For the backend, I’m using ruby on rails. I have gone through a number of blogs and documents But, looks like I am unable to find a way or examples where I could get some reference. Is this possible, what I’m trying to achieve ?.
Looking forward to you guys, I’m really stuck in it.
@mraible
Thank you very much for your response. Actually, In my company, they already have user licenses for the entire company if it is set-up with SAML 2.0. They say that OAuth 2.0 requires a cost per user. So I’m trying to figuring out the way to use SAML 2.0 in my react app. So that we do not have to incur new costs for users.

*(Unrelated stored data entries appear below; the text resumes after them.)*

lemma increasing_le_iff:
  assumes "u \<in> signed_perms n" "DesB n u \<subseteq> {0}" "p \<in> {1..int n}" "q \<in> {1..int n}"
  shows "u p \<le> u q \<longleftrightarrow> p \<le> q"
  using increasing_mono[OF assms(1,2), of p q] increasing_mono[OF assms(1,2), of q p] assms(3,4)
  by (cases p q rule: linorder_cases) auto

lemma signed_perms_image_signed_subset:
  assumes u: "u \<in> signed_perms n"
  shows "\<exists>N\<in>Pow {1..n}. u ` {1..int n} = signed_subset n N"
proof
  let ?P = "{1..int n}"
  define N where "N = {a \<in> {1..n}. - int a \<in> u ` ?P}"
  show "N \<in> Pow {1..n}" unfolding N_def by auto
  have "u i \<in> signed_subset n N" if i: "i \<in> ?P" for i
  proof -
    have d: "u i \<in> signed_dom n" using signed_perms_in_dom[OF u] i by (simp add: signed_dom_iff)
    have "- u i \<notin> u ` ?P"
    proof
      assume "- u i \<in> u ` ?P"
      then obtain j where "j \<in> ?P" "u j = u (- i)" using signed_perms_odd[OF u] by auto
      then show False using i by (auto simp: inj_eq[OF inj_signed_perms[OF u]])
    qed
    have a: "nat \<bar>u i\<bar> \<in> {1..n}" using d by (auto simp: signed_dom_iff)
    have "nat \<bar>u i\<bar> \<in> N \<longleftrightarrow> u i < 0"
    proof
      assume "nat \<bar>u i\<bar> \<in> N"
      then have "- int (nat \<bar>u i\<bar>) \<in> u ` ?P" by (simp add: N_def)
      then show "u i < 0" using \<open>- u i \<notin> u ` ?P\<close> by (cases "u i < 0") auto
    next
      assume "u i < 0"
      then have "- int (nat \<bar>u i\<bar>) \<in> u ` ?P" using i by simp
      then show "nat \<bar>u i\<bar> \<in> N" using a by (simp add: N_def)
    qed
    then show ?thesis using d by (simp add: signed_subset_def)
  qed
  then have "u ` ?P \<subseteq> signed_subset n N" by blast
  moreover have "card (u ` ?P) = card (signed_subset n N)"
    using inj_on_subset[OF inj_signed_perms[OF u] subset_UNIV]
    by (simp add: card_image card_signed_subset)
  ultimately show "u ` ?P = signed_subset n N" by (rule card_subset_eq[OF finite_signed_subset])
qed

lemma signed_rank_increasing:
  assumes u: "u \<in> signed_perms n" "DesB n u \<subseteq> {0}" and N: "u ` {1..int n} = signed_subset n N"
    and p: "p \<in> {1..int n}"
  shows "signed_rank n N (u p) = nat p"
proof -
  have "{s \<in> signed_subset n N. s \<le> u p} = u ` {q \<in> {1..int n}. u q \<le> u p}"
    unfolding N[symmetric] by auto
  also have "{q \<in> {1..int n}. u q \<le> u p} = {1..p}"
    using p increasing_le_iff[OF u(1,2) _ p] by auto
  finally have "{s \<in> signed_subset n N. s \<le> u p} = u ` {1..p}" .
  moreover have "inj_on u {1..p}" using inj_signed_perms[OF u(1)] by (rule inj_on_subset) simp
  ultimately show ?thesis using p by (simp add: signed_rank_def card_image)
qed

lemma rank_perm_increasing:
  assumes u: "u \<in> signed_perms n" "DesB n u \<subseteq> {0}" and N: "u ` {1..int n} = signed_subset n N"
  shows "rank_perm n N (u t) = t"
proof -
  have pos: "rank_perm n N (u p) = p" if "p \<in> {1..int n}" for p
  proof -
    have "u p \<in> signed_subset n N" using N that by blast
    then show ?thesis using signed_rank_increasing[OF u N that] that by (simp add: rank_perm_def)
  qed
  have "t \<in> {1..int n} \<or> - t \<in> {1..int n} \<or> t \<notin> signed_dom n"
    by (auto simp: signed_dom_iff)
  then consider "t \<in> {1..int n}" | "- t \<in> {1..int n}" | "t \<notin> signed_dom n"
    by blast
  then show ?thesis
  proof cases
    case 1
    then show ?thesis by (rule pos)
  next
    case 2
    have "u t = - u (- t)" using signed_perms_odd[OF u(1), of "- t"] by simp
    then show ?thesis by (simp add: rank_perm_odd pos[OF 2])
  next
    case 3
    then show ?thesis by (simp add: signed_perms_fixes[OF u(1)] rank_perm_fixes)
  qed
qed

lemma bij_betw_inv_rank_perm:
  "bij_betw (\<lambda>N. inv (rank_perm n N)) (Pow {1..n}) {u \<in> signed_perms n. DesB n u \<subseteq> {0}}"
proof (rule bij_betwI')
  fix N M
  assume NM: "N \<in> Pow {1..n}" "M \<in> Pow {1..n}"
  show "inv (rank_perm n N) = inv (rank_perm n M) \<longleftrightarrow> N = M"
  proof
    assume "inv (rank_perm n N) = inv (rank_perm n M)"
    then have "rank_perm n N = rank_perm n M" by (metis bij_rank_perm inv_inv_eq)
    then show "N = M" using rank_perm_inj NM by blast
  qed simp
next
  fix N
  show "inv (rank_perm n N) \<in> {u \<in> signed_perms n. DesB n u \<subseteq> {0}}"
    using signed_perms_inv[OF rank_perm_signed_perms] DesB_inv_rank_perm by auto
next
  fix u
  assume "u \<in> {u \<in> signed_perms n. DesB n u \<subseteq> {0}}"
  then have u: "u \<in> signed_perms n" "DesB n u \<subseteq> {0}" by auto
  obtain N where N: "N \<in> Pow {1..n}" "u ` {1..int n} = signed_subset n N"
    using signed_perms_image_signed_subset[OF u(1)] by blast
  have "u = inv (rank_perm n N)"
    by (rule ext) (simp add: bij_inv_eq_iff[OF bij_rank_perm] rank_perm_increasing[OF u N(2)])
  with N(1) show "\<exists>N\<in>Pow {1..n}. u = inv (rank_perm n N)" by blast
qed

section \<open>Left multiplication by \<open>X\<^bsub>{0}\<^esub>\<close>\<close>

text \<open>\<open>rank_perm n N\<close> puts the complement of the signed subset below the subset and keeps the
  order within each part. So \<open>rank_perm n N \<circ> w\<close> has a descent at \<open>i > 0\<close> exactly at a sign
  change \<open>+ \<rightarrow> -\<close> or at a descent of \<open>w\<close> between letters that keep the same sign, where
  \<open>sign_pattern n w N\<close> is the set of positions that become negative.\<close>

definition sign_pattern :: "nat \<Rightarrow> (int \<Rightarrow> int) \<Rightarrow> nat set \<Rightarrow> nat set" where
  "sign_pattern n w N = {i \<in> {1..n}. w (int i) \<notin> signed_subset n N}"

definition twisted_descents :: "nat \<Rightarrow> nat set \<Rightarrow> nat set \<Rightarrow> nat set" where
  "twisted_descents n E S = {i \<in> {0..<n}. (i = 0 \<and> 1 \<in> S) \<or>
      (0 < i \<and> ((i \<in> S \<longleftrightarrow> Suc i \<in> S) \<and> i \<in> E \<or> i \<notin> S \<and> Suc i \<in> S))}"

First of all, is this possible to do this? Or we have to only use OAuth with a new cost per user?
Yeah, this is a problem we’d like to fix. If you buy our workforce identity product, you have to pay extra for API Access Management (which provides an OAuth authorization server). However, if you buy our customer identity product (aka create a developer account at developer.okta.com), you get API AM for free. Developer accounts are free and you get up to 1000 monthly active users. If you need more, you can buy more.
Ideally, API AM is included for free in both products. Unfortunately, this is not currently the case and it leads to people making bad decisions like trying to use SAML with React.
If you’re able to combine your front end and backend (e.g. package your React app in a Spring Boot app), that might be a solution. Backend frameworks tend to have better support for SAML.
I maintain an open source project that acts as a bridge between SAML and OAuth - ossoapp.com
You could deploy an instance of Osso, and consume it via OAuth from your rails application much as you do now. We even offer omniauth-osso if you’re using omniauth - https://github.com/enterprise-oss/omniauth-osso
Then Osso would handle SAML auth against Okta (or OneLogin, Ping, etc) and return the user to you as part of an OAuth 2.0 authorization code grant flow.
Osso is also written in Ruby, so it might help you implement SAML yourself.